Discussion in 'Cisco' started by Nate Silva, Oct 3, 2007.

  1. Nate  Silva

    Nate Silva Guest

    We're considering an 1811 to replace our SonicWALL.

    One requirement is to prevent LAN users from hogging bandwidth. Let's
    say one user is downloading a large file from a high-bandwidth site.
    That could saturate our T1.

    With the 1811 is there a way to limit an individual user on the LAN
    side to (for example) 500 Kbps?

    Regards,
    Nate
     
    Nate Silva, Oct 3, 2007
    #1
    1. Advertising

  2. Nate  Silva

    Trendkill Guest

    On Oct 3, 2:43 pm, Nate Silva <> wrote:
    > We're considering an 1811 to replace our SonicWALL.
    >
    > One requirement is to prevent LAN users from hogging bandwidth.
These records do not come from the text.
lemma bilin_form_half_weight_eq_0:
  assumes p: "symmetric_tensor d r p" "lookup p 0 = 0"
    and q: "symmetric_tensor d r q" "lookup q 0 = 0"
    and deg: "(\<Sum>j<r. \<gamma> j) \<le> d"
  shows "bilin_form (half_weight d r \<gamma> i) p q = (0::'a::comm_ring_1)"
proof -
  have p': "in_tensor d r p" "perm_invariant d p" and q': "in_tensor d r q" "perm_invariant d q"
    using p(1) q(1) by (simp_all add: symmetric_tensor_iff)
  let ?y = "\<lambda>s t. support_block d r \<gamma> i p q {..<s} {..<t} :: 'a"
  let ?c = "\<lambda>l s t. of_int (alt_binom d l) * of_nat (if s = 0 then 0 else (l - 1) choose (s - 1))
      * of_nat (l choose t) :: 'a"
  have "bilin_form (half_weight d r \<gamma> i) p q = (\<Sum>l\<in>{1..d}. \<Sum>s\<le>d. \<Sum>t\<le>d. ?c l s t * ?y s t)"
    unfolding bilin_form_half_weight
    by (intro sum.cong refl) (simp add: sum_support_blocks[OF p'(2) q'(2)] sum_distrib_left mult.assoc)
  also have "\<dots> = (\<Sum>s\<le>d. \<Sum>l\<in>{1..d}. \<Sum>t\<le>d. ?c l s t * ?y s t)"
    by (rule sum.swap)
  also have "\<dots> = (\<Sum>s\<le>d. \<Sum>t\<le>d. \<Sum>l\<in>{1..d}. ?c l s t * ?y s t)"
    by (rule sum.cong[OF refl], rule sum.swap)
  also have "\<dots> = (\<Sum>s\<le>d. \<Sum>t\<le>d. (\<Sum>l\<in>{1..d}. ?c l s t) * ?y s t)"
    by (simp only: sum_distrib_right)
  also have "\<dots> = 0"
  proof (intro sum.neutral ballI)
    fix s t
    consider "s = 0" | "t = 0" | "1 \<le> s" "1 \<le> t" "s + t \<le> d" | "d < s + t"
      by linarith
    then show "(\<Sum>l\<in>{1..d}. ?c l s t) * ?y s t = 0"
    proof cases
      case 2
      then show ?thesis
        using support_block_empty[OF q(2)] by simp
    next
      case 3
      then show ?thesis
        using sum_alt_binom_choose_pred_mult_choose_eq_0[of s t d, where 'a='a] by simp
    next
      case 4
      then show ?thesis
        using support_block_eq_0_if_card_gt[OF p'(1) q'(1) deg] by simp
    qed simp
  qed
  finally show ?thesis .
qed

lemma sep_weight_eq_0_if_mdeg_ne:
  assumes "\<exists>j<r. mdeg d m j \<noteq> \<gamma> j"
  shows "sep_weight d r \<gamma> i m = 0"
  unfolding sep_weight_def using assms by (intro sum.neutral) auto

lemma lin_form_sep_weight_const:
  assumes "\<exists>j<r. \<gamma> j \<noteq> 0"
  shows "lin_form (sep_weight d r \<gamma> i) (Poly_Mapping.single 0 c) = (0::'a::comm_ring_1)"
proof -
  have "sep_weight d r \<gamma> i 0 = (0::'a)"
    using assms by (intro sep_weight_eq_0_if_mdeg_ne) (simp add: mdeg_def)
  then show ?thesis
    by (simp add: lin_form_single)
qed

lemma lin_form_sep_weight_homogeneous:
  assumes "mdeg_less r \<beta> \<gamma>" "homogeneous_of d r \<beta> g"
  shows "lin_form (sep_weight d r \<gamma> i) g = (0::'a::comm_ring_1)"
  unfolding lin_form_def
proof (intro sum.neutral ballI)
  fix m assume "m \<in> keys g"
  then have "\<forall>j<r. mdeg d m j = \<beta> j"
    using assms(2) unfolding homogeneous_of_def by blast
  then have "sep_weight d r \<gamma> i m = (0::'a)"
    using assms(1) unfolding mdeg_less_def by (intro sep_weight_eq_0_if_mdeg_ne) auto
  then show "sep_weight d r \<gamma> i m * lookup g m = 0"
    by simp
qed

lemma lin_form_sep_weight_Gamma_less:
  assumes \<gamma>: "\<exists>j<r. \<gamma> j \<noteq> 0" and deg: "(\<Sum>j<r. \<gamma> j) \<le> d"
    and "p \<in> Gamma_less d r \<gamma>"
  shows "lin_form (sep_weight d r \<gamma> i) p = (0::'a::comm_ring_1)"
proof -
  let ?G = "{p. symmetric_tensor d r p \<and> (\<exists>\<beta>. mdeg_less r \<beta> \<gamma> \<and> homogeneous_of d r \<beta> p)}"
  let ?L = "lin_form (sep_weight d r \<gamma> i) :: 'a tpoly \<Rightarrow> 'a"
  have "p \<in> subalg_gen ?G"
    using assms(3) unfolding Gamma_less_def .
  then show ?thesis
  proof induction
    case (const c)
    then show ?case
      using lin_form_sep_weight_const[OF \<gamma>] .
  next
    case (gen g)
    then show ?case
      using lin_form_sep_weight_homogeneous by blast
  next
    case (add p q)
    then show ?case
      by (simp add: lin_form_add)
  next
    case (mult p q)
    define c e where "c = lookup p 0" and "e = lookup q 0"
    define p' where "p' = p + Poly_Mapping.single 0 (- c)"
    define q' where "q' = q + Poly_Mapping.single 0 (- e)"
    have split: "p = Poly_Mapping.single 0 c + p'" "q = Poly_Mapping.single 0 e + q'"
      by (rule poly_mapping_eqI, simp add: p'_def q'_def lookup_add lookup_single when_def)+
    have "p' \<in> subalg_gen ?G" "q' \<in> subalg_gen ?G"
      unfolding p'_def q'_def using mult.hyps by (auto intro: subalg_gen.intros)
    then have sym: "symmetric_tensor d r p'" "symmetric_tensor d r q'"
      using subalg_gen_symmetric_tensor[of ?G d r] by blast+
    have const: "lookup p' 0 = 0" "lookup q' 0 = 0"
      by (simp_all add: p'_def q'_def c_def e_def lookup_add)
    have "?L (p' * q') = 0"
      using bilin_form_half_weight_eq_0[OF sym(1) const(1) sym(2) const(2) deg]
        bilin_form_half_weight_eq_0[OF sym(2) const(2) sym(1) const(1) deg]
      by (simp add: lin_form_sep_weight_mult)
    moreover have "?L p' = 0"
      using mult.IH(1) lin_form_sep_weight_const[OF \<gamma>] by (simp add: p'_def lin_form_add)
    moreover have "p * q = Poly_Mapping.single 0 c * q + Poly_Mapping.single 0 e * p' + p' * q'"
    proof -
      have "p * q = (Poly_Mapping.single 0 c + p') * (Poly_Mapping.single 0 e + q')"
        by (simp only: flip: split)
      also have "\<dots> = Poly_Mapping.single 0 c * (Poly_Mapping.single 0 e + q')
          + Poly_Mapping.single 0 e * p' + p' * q'"
        by (simp add: algebra_simps)
      finally show ?thesis
        by (simp only: flip: split(2))
    qed
    ultimately show ?case
      using mult.IH(2) by (simp add: lin_form_add lin_form_const_mult)
  qed
qed

lemma lookup_mon_on:
  assumes "finite S"
  shows "lookup (mon_on r \<alpha> S) (j, i) = (if j \<in> S \<and> i < r then \<alpha> i else 0)"
proof -
  have "lookup (mon_on r \<alpha> S) (j, i) = (\<Sum>j'\<in>S. \<Sum>i'<r. (if (j', i') = (j, i) then \<alpha> i' else 0))"
    unfolding mon_on_def by (simp add: lookup_sum lookup_single when_def)
  also have "\<dots> = (\<Sum>j'\<in>S. if j' = j then (if i < r then \<alpha> i else 0) else 0)"
    by (intro sum.cong refl) (auto simp: sum.delta)
  also have "\<dots> = (if j \<in> S \<and> i < r then \<alpha> i else 0)"
    using assms by (simp add: sum.delta')
  finally show ?thesis .
qed

lemma factor_support_mon_on:
  assumes "finite S" "\<exists>i<r. \<alpha> i \<noteq> 0"
  shows "factor_support (mon_on r \<alpha> S) = S"
  unfolding factor_support_def
proof (intro set_eqI iffI)
  fix j assume "j \<in> fst ` keys (mon_on r \<alpha> S)"
  then obtain x where "x \<in> keys (mon_on r \<alpha> S)" "j = fst x" by auto
  then show "j \<in> S"
    using lookup_mon_on[OF assms(1)] by (cases x) (auto simp: in_keys_iff split: if_splits)
next
  fix j assume "j \<in> S"
  obtain i where "i < r" "\<alpha> i \<noteq> 0"
    using assms by blast
  then have "(j, i) \<in> keys (mon_on r \<alpha> S)"
    using \<open>j \<in> S\<close> lookup_mon_on[OF assms(1)] by (simp add: in_keys_iff)
  then show "j \<in> fst ` keys (mon_on r \<alpha> S)" by force
qed

lemma mdeg_mon_on:
  assumes "S \<subseteq> {..<d}" "i < r"
  shows "mdeg d (mon_on r \<alpha> S) i = card S * \<alpha> i"
proof -
  have fin: "finite S"
    using assms finite_subset by blast
  have "mdeg d (mon_on r \<alpha> S) i = (\<Sum>j<d. if j \<in> S then \<alpha> i else 0)"
    unfolding mdeg_def using assms(2) by (simp add: lookup_mon_on[OF fin])
  also have "\<dots> = (\<Sum>j\<in>{j\<in>{..<d}. j \<in> S}. \<alpha> i)"
    by (rule sum.inter_filter[symmetric]) simp
  also have "{j\<in>{..<d}. j \<in> S} = S"
    using assms by auto
  finally show ?thesis by simp
qed

lemma lin_form_sep_weight_gamma_prod:
  assumes \<alpha>: "\<exists>j<r. \<alpha> j \<noteq> 0" and "i < r" "1 \<le> k" "k \<le> d"
  shows "lin_form (sep_weight d r (\<lambda>j. k * \<alpha> j) i) (gamma_prod d r \<alpha> k)
       = (-1)^(k-1) * (of_nat (\<alpha> i) :: 'a::comm_ring_1)"
proof -
  let ?Sets = "{S. S \<subseteq> {..<d} \<and> card S = k}"
  let ?v = "of_nat (\<alpha> i) :: 'a"
  have weight: "sep_weight d r (\<lambda>j. k * \<alpha> j) i (mon_on r \<alpha> S)
      = (\<Sum>l\<in>{1..d}. of_int (alt_binom d l) * (if S \<subseteq> {..<l} \<and> 0 \<in> S then ?v else 0))"
    if "S \<in> ?Sets" for S
  proof -
    have "finite S"
      using that finite_subset by blast
    then show ?thesis
      unfolding sep_weight_def using that assms
      by (intro sum.cong refl) (auto simp: factor_support_mon_on mdeg_mon_on lookup_mon_on)
  qed
  have count: "(\<Sum>S\<in>?Sets. if S \<subseteq> {..<l} \<and> 0 \<in> S then ?v else 0) = of_nat ((l - 1) choose (k - 1)) * ?v"
    if "l \<in> {1..d}" for l
  proof -
    have "{S\<in>?Sets. S \<subseteq> {..<l} \<and> 0 \<in> S} = {S. S \<subseteq> {..<l} \<and> 0 \<in> S \<and> card S = k}"
      using that by auto
    then show ?thesis
      using card_subsets_containing_0[of l k] that assms(3)
      by (simp add: sum.inter_filter[symmetric])
  qed
  have "lin_form (sep_weight d r (\<lambda>j. k * \<alpha> j) i) (gamma_prod d r \<alpha> k)
      = (\<Sum>S\<in>?Sets. \<Sum>l\<in>{1..d}. of_int (alt_binom d l) * (if S \<subseteq> {..<l} \<and> 0 \<in> S then ?v else 0))"
    unfolding gamma_prod_def lin_form_sum lin_form_single by (simp add: weight)
  also have "\<dots> = (\<Sum>l\<in>{1..d}. of_int (alt_binom d l) * (\<Sum>S\<in>?Sets. if S \<subseteq> {..<l} \<and> 0 \<in> S then ?v else 0))"
    by (subst sum.swap) (simp add: sum_distrib_left)
  also have "\<dots> = (\<Sum>l\<in>{1..d}. of_int (alt_binom d l) * of_nat ((l - 1) choose (k - 1))) * ?v"
    by (simp add: count sum_distrib_right mult.assoc)
  also have "\<dots> = (-1)^(k-1) * ?v"
    using sum_alt_binom_mult_choose_pred[OF assms(3,4), where 'a='a] by simp
  finally show ?thesis .
qed

lemma of_nat_Gcd_eq_0:
  assumes "\<And>n. n \<in> N \<Longrightarrow> of_nat n = (0::'a::semiring_1)"
  shows "of_nat (Gcd N) = (0::'a)"
proof -
  have "CHAR('a) dvd Gcd N"
    by (rule Gcd_greatest) (use assms in \<open>simp add: of_nat_eq_0_iff_char_dvd\<close>)
  then show ?thesis
    by (simp add: of_nat_eq_0_iff_char_dvd)
qed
Let's
    > say one user is downloading a large file from a high-bandwidth site.
    > That could saturate our T1.
    >
    > With the 1811 is there a way to limit an individual user on the LAN
    > side to (for example) 500 Kbps?
    >
    > Regards,
    > Nate


    Not that I am aware of. Routers do not have any type of underlying
    authentication (so they can't tell who is who), and only know about
    streams of data (source/destination IPs and ports). You can input a
    QoS policy to classify all web traffic in a certain way and limit
    things like FTPs or other bandwidth-intensive applications, but even
    then, it will only mark and prioritize the traffic going out of the
    router to the internet, and not back in. Unless you have a higher
    level application server or proxy that can provide this function, you
    are going to be stuck.
     
    Trendkill, Oct 3, 2007
    #2
    1. Advertising

  3. Nate  Silva

    Nate Silva Guest

    On Oct 3, 12:01 pm, Trendkill <> wrote:
    > Not that I am aware of. Routers do not have any type of underlying
    > authentication (so they can't tell who is who), and only know about
    > streams of data (source/destination IPs and ports). You can input a
    > QoS policy to classify all web traffic in a certain way and limit
    > things like FTPs or other bandwidth-intensive applications, but even
    > then, it will only mark and prioritize the traffic going out of the
    > router to the internet, and not back in. Unless you have a higher
    > level application server or proxy that can provide this function, you
    > are going to be stuck.


    Limiting per stream would work. It doesn't have to be per literal
    user. But from what you're saying it could only limit the outbound
    traffic and not back in?

    Regards,
    Nate
     
    Nate Silva, Oct 3, 2007
    #3
  4. Nate  Silva

    Trendkill Guest

    On Oct 3, 3:16 pm, Nate Silva <> wrote:
    > On Oct 3, 12:01 pm, Trendkill <> wrote:
    >
    > > Not that I am aware of. Routers do not have any type of underlying
    > > authentication (so they can't tell who is who), and only know about
    > > streams of data (source/destination IPs and ports). You can input a
    > > QoS policy to classify all web traffic in a certain way and limit
    > > things like FTPs or other bandwidth-intensive applications, but even
    > > then, it will only mark and prioritize the traffic going out of the
    > > router to the internet, and not back in. Unless you have a higher
    > > level application server or proxy that can provide this function, you
    > > are going to be stuck.

    >
    > Limiting per stream would work. It doesn't have to be per literal
    > user. But from what you're saying it could only limit the outbound
    > traffic and not back in?
    >
    > Regards,
    > Nate


    Yes as the traffic would not be marked at the other side, and once it
    traverses your t1, your router could mark it, but what good would it
    do (its already come across the t1). And it would not be per stream,
    it would be class of traffic (all ftp, all web, all traffic to/from a
    certain site), basically it would depend on an access list. I don't
    know of any other ways to implement QoS to do what you are looking
    for.......
     
    Trendkill, Oct 3, 2007
    #4
  5. In article <>,
    Trendkill <> wrote:
    >On Oct 3, 3:16 pm, Nate Silva <> wrote:
    >> But from what you're saying it could only limit the outbound
    >> traffic and not back in?


    >Yes as the traffic would not be marked at the other side, and once it
    >traverses your t1, your router could mark it, but what good would it
    >do (its already come across the t1).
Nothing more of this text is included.